(TASK OBJECTIVE) Would you print the whole listing again, exactly?

(MATERIAL SHOWN)
lemma odem_omult:
  fixes p q :: "'k::comm_ring_1 opol"
  assumes p: "finite_opol p" and q: "finite_opol q"
  shows "odem j (omult p q) = oadd (omult (odem j p) q) (omult (osj j p) (odem j q))"
proof -
  have inner: "odem j (omult (mon_poly a) q) = oadd (omult (odem j (mon_poly a)) q) (omult (osj j (mon_poly a)) (odem j q))"
    if a: "fin_mon a" for a
  proof (rule opol_linear_eqI[where L="\<lambda>q. odem j (omult (mon_poly a) q)"
        and L'="\<lambda>q. oadd (omult (odem j (mon_poly a)) q) (omult (osj j (mon_poly a)) (odem j q))", OF _ _ _ q])
    show "opol_linear (\<lambda>q. odem j (omult (mon_poly a) q) :: 'k opol)"
      by (rule opol_linear_comp[OF opol_linear_odem opol_linear_omult_right]) simp
    show "opol_linear (\<lambda>q. oadd (omult (odem j (mon_poly a)) q) (omult (osj j (mon_poly a)) (odem j q)) :: 'k opol)"
      by (rule opol_linear_oadd[OF opol_linear_omult_right opol_linear_comp[OF opol_linear_omult_right opol_linear_odem]]) simp
    fix b :: mon assume b: "fin_mon b"
    have e: "omult (mon_poly a) (mon_poly b) = (word_eval (mono_word a @ mono_word b) :: 'k opol)"
      by (simp add: word_eval_append word_eval_mono_word a b)
    show "odem j (omult (mon_poly a) (mon_poly b)) =
        oadd (omult (odem j (mon_poly a)) (mon_poly b)) (omult (osj j (mon_poly a)) (odem j (mon_poly b)) :: 'k opol)"
      unfolding e odem_word_eval dem_word_append by (simp add: odem_mon_poly osj_mon_poly word_eval_mono_word b)
  qed
  show ?thesis
  proof (rule opol_linear_eqI[where L="\<lambda>p. odem j (omult p q)"
        and L'="\<lambda>p. oadd (omult (odem j p) q) (omult (osj j p) (odem j q))", OF _ _ _ p])
    show "opol_linear (\<lambda>p. odem j (omult p q) :: 'k opol)"
      by (rule opol_linear_comp[OF opol_linear_odem opol_linear_omult_left]) (simp add: q finite_opol_fin_supp)
    show "opol_linear (\<lambda>p. oadd (omult (odem j p) q) (omult (osj j p) (odem j q)) :: 'k opol)"
      by (rule opol_linear_oadd[OF opol_linear_comp[OF opol_linear_omult_left opol_linear_odem]
            opol_linear_comp[OF opol_linear_omult_left opol_linear_osj]]) simp_all
  qed (rule inner)
qed

lemma odem_ovar: "odem j (ovar i) = osmul (dem_coeff j i) (oone :: 'k::comm_ring_1 opol)"
proof -
  have "odem j (ovar i) = (dem_word j [i] :: 'k opol)" by (subst word_eval_single[symmetric]) (rule odem_word_eval)
  then show ?thesis by (simp add: dem_word_Cons)
qed

lemma osj_ovar: "osj j (ovar i) = (simg j i :: 'k::comm_ring_1 opol)"
proof -
  have "osj j (ovar i) = (gen_prod (simg j) [i] :: 'k opol)"
    unfolding osj_def by (subst word_eval_single[symmetric]) (rule osubst_word_eval[OF anticommuting_simg])
  then show ?thesis by (simp add: omult_oone_right)
qed

lemma odem_omult_ovar:
  assumes "finite_opol P"
  shows "odem j (omult (ovar i) P) = oadd (osmul (dem_coeff j i) P) (omult (simg j i) (odem j P) :: 'k::comm_ring_1 opol)"
  using assms by (simp add: odem_omult odem_ovar osj_ovar omult_osmul_left omult_oone_left)

definition distant :: "nat \<Rightarrow> nat \<Rightarrow> bool" where "distant k i \<longleftrightarrow> i + 2 \<le> k \<or> k + 2 \<le> i"

lemma distant_sym: "distant k i \<Longrightarrow> distant i k" by (auto simp: distant_def)

lemma simg_sign_dem_coeff:
  "distant k i \<Longrightarrow> simg_sign i l * dem_coeff k (adj_swap i l) = - (dem_coeff k l :: 'k::comm_ring_1)"
  by (auto simp: distant_def simg_sign_def dem_coeff_def adj_swap_def)

lemma simg_adj_swap_comm:
  "distant k i \<Longrightarrow>
     osmul (simg_sign i l) (simg k (adj_swap i l)) = osmul (simg_sign k l) (simg i (adj_swap k l) :: 'k::comm_ring_1 opol)"
  by (auto simp: distant_def simg_sign_def adj_swap_def simg_def fun_eq_iff osmul_def oneg_def)

lemma odem_simg: "distant k i \<Longrightarrow> odem k (simg i l) = osmul (- dem_coeff k l) (oone :: 'k::comm_ring_1 opol)"
  by (simp add: simg_eq odem_osmul odem_ovar osmul_osmul simg_sign_dem_coeff)

lemma osj_osmul: "fin_supp p \<Longrightarrow> osj j (osmul c p) = osmul c (osj j p)"
  by (simp add: osj_def osubst_lin_ext lin_ext_osmul)

lemma osj_simg: "osj k (simg i l) = osmul (simg_sign i l) (simg k (adj_swap i l) :: 'k::comm_ring_1 opol)"
  by (simp add: simg_eq osj_osmul osj_ovar)

lemma odem_dem_word_Cons:
  assumes "distant k i"
  shows "odem k (dem_word i (l # w)) = oadd (osmul (dem_coeff i l) (dem_word k w))
     (oadd (osmul (- dem_coeff k l) (dem_word i w)) (omult (osj k (simg i l)) (odem k (dem_word i w))) :: 'k::comm_ring_1 opol)"
proof -
  have "odem k (dem_word i (l # w)) = oadd (osmul (dem_coeff i l) (odem k (word_eval w)))
          (odem k (omult (simg i l) (dem_word i w)) :: 'k opol)"
    by (simp add: dem_word_Cons odem_oadd odem_osmul finite_opol_fin_supp)
  also have "\<dots> = oadd (osmul (dem_coeff i l) (dem_word k w))
     (oadd (osmul (- dem_coeff k l) (dem_word i w)) (omult (osj k (simg i l)) (odem k (dem_word i w))))"
    by (simp add: odem_word_eval odem_omult odem_simg[OF assms] omult_osmul_left omult_oone_left)
  finally show ?thesis .
qed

(YOUR SOLUTION)
lemma odem_omult:
  fixes p q :: "'k::comm_ring_1 opol"
  assumes p: "finite_opol p" and q: "finite_opol q"
  shows "odem j (omult p q) = oadd (omult (odem j p) q) (omult (osj j p) (odem j q))"
proof -
  have inner: "odem j (omult (mon_poly a) q) = oadd (omult (odem j (mon_poly a)) q) (omult (osj j (mon_poly a)) (odem j q))"
    if a: "fin_mon a" for a
  proof (rule opol_linear_eqI[where L="\<lambda>q. odem j (omult (mon_poly a) q)"
        and L'="\<lambda>q. oadd (omult (odem j (mon_poly a)) q) (omult (osj j (mon_poly a)) (odem j q))", OF _ _ _ q])
    show "opol_linear (\<lambda>q. odem j (omult (mon_poly a) q) :: 'k opol)"
      by (rule opol_linear_comp[OF opol_linear_odem opol_linear_omult_right]) simp
    show "opol_linear (\<lambda>q. oadd (omult (odem j (mon_poly a)) q) (omult (osj j (mon_poly a)) (odem j q)) :: 'k opol)"
      by (rule opol_linear_oadd[OF opol_linear_omult_right opol_linear_comp[OF opol_linear_omult_right opol_linear_odem]]) simp
    fix b :: mon assume b: "fin_mon b"
    have e: "omult (mon_poly a) (mon_poly b) = (word_eval (mono_word a @ mono_word b) :: 'k opol)"
      by (simp add: word_eval_append word_eval_mono_word a b)
    show "odem j (omult (mon_poly a) (mon_poly b)) =
        oadd (omult (odem j (mon_poly a)) (mon_poly b)) (omult (osj j (mon_poly a)) (odem j (mon_poly b)) :: 'k opol)"
      unfolding e odem_word_eval dem_word_append by (simp add: odem_mon_poly osj_mon_poly word_eval_mono_word b)
  qed
  show ?thesis
  proof (rule opol_linear_eqI[where L="\<lambda>p. odem j (omult p q)"
        and L'="\<lambda>p. oadd (omult (odem j p) q) (omult (osj j p) (odem j q))", OF _ _ _ p])
    show "opol_linear (\<lambda>p. odem j (omult p q) :: 'k opol)"
      by (rule opol_linear_comp[OF opol_linear_odem opol_linear_omult_left]) (simp add: q finite_opol_fin_supp)
    show "opol_linear (\<lambda>p. oadd (omult (odem j p) q) (omult (osj j p) (odem j q)) :: 'k opol)"
      by (rule opol_linear_oadd[OF opol_linear_comp[OF opol_linear_omult_left opol_linear_odem]
            opol_linear_comp[OF opol_linear_omult_left opol_linear_osj]]) simp_all
  qed (rule inner)
qed

lemma odem_ovar: "odem j (ovar i) = osmul (dem_coeff j i) (oone :: 'k::comm_ring_1 opol)"
proof -
  have "odem j (ovar i) = (dem_word j [i] :: 'k opol)" by (subst word_eval_single[symmetric]) (rule odem_word_eval)
  then show ?thesis by (simp add: dem_word_Cons)
qed

lemma osj_ovar: "osj j (ovar i) = (simg j i :: 'k::comm_ring_1 opol)"
proof -
  have "osj j (ovar i) = (gen_prod (simg j) [i] :: 'k opol)"
    unfolding osj_def by (subst word_eval_single[symmetric]) (rule osubst_word_eval[OF anticommuting_simg])
  then show ?thesis by (simp add: omult_oone_right)
qed

lemma odem_omult_ovar:
  assumes "finite_opol P"
  shows "odem j (omult (ovar i) P) = oadd (osmul (dem_coeff j i) P) (omult (simg j i) (odem j P) :: 'k::comm_ring_1 opol)"
  using assms by (simp add: odem_omult odem_ovar osj_ovar omult_osmul_left omult_oone_left)

definition distant :: "nat \<Rightarrow> nat \<Rightarrow> bool" where "distant k i \<longleftrightarrow> i + 2 \<le> k \<or> k + 2 \<le> i"

lemma distant_sym: "distant k i \<Longrightarrow> distant i k" by (auto simp: distant_def)

lemma simg_sign_dem_coeff:
  "distant k i \<Longrightarrow> simg_sign i l * dem_coeff k (adj_swap i l) = - (dem_coeff k l :: 'k::comm_ring_1)"
  by (auto simp: distant_def simg_sign_def dem_coeff_def adj_swap_def)

lemma simg_adj_swap_comm:
  "distant k i \<Longrightarrow>
     osmul (simg_sign i l) (simg k (adj_swap i l)) = osmul (simg_sign k l) (simg i (adj_swap k l) :: 'k::comm_ring_1 opol)"
  by (auto simp: distant_def simg_sign_def adj_swap_def simg_def fun_eq_iff osmul_def oneg_def)

lemma odem_simg: "distant k i \<Longrightarrow> odem k (simg i l) = osmul (- dem_coeff k l) (oone :: 'k::comm_ring_1 opol)"
  by (simp add: simg_eq odem_osmul odem_ovar osmul_osmul simg_sign_dem_coeff)

lemma osj_osmul: "fin_supp p \<Longrightarrow> osj j (osmul c p) = osmul c (osj j p)"
  by (simp add: osj_def osubst_lin_ext lin_ext_osmul)

lemma osj_simg: "osj k (simg i l) = osmul (simg_sign i l) (simg k (adj_swap i l) :: 'k::comm_ring_1 opol)"
  by (simp add: simg_eq osj_osmul osj_ovar)

lemma odem_dem_word_Cons:
  assumes "distant k i"
  shows "odem k (dem_word i (l # w)) = oadd (osmul (dem_coeff i l) (dem_word k w))
     (oadd (osmul (- dem_coeff k l) (dem_word i w)) (omult (osj k (simg i l)) (odem k (dem_word i w))) :: 'k::comm_ring_1 opol)"
proof -
  have "odem k (dem_word i (l # w)) = oadd (osmul (dem_coeff i l) (odem k (word_eval w)))
          (odem k (omult (simg i l) (dem_word i w)) :: 'k opol)"
    by (simp add: dem_word_Cons odem_oadd odem_osmul finite_opol_fin_supp)
  also have "\<dots> = oadd (osmul (dem_coeff i l) (dem_word k w))
     (oadd (osmul (- dem_coeff k l) (dem_word i w)) (omult (osj k (simg i l)) (odem k (dem_word i w))))"
    by (simp add: odem_word_eval odem_omult odem_simg[OF assms] omult_osmul_left omult_oone_left)
  finally show ?thesis .
qed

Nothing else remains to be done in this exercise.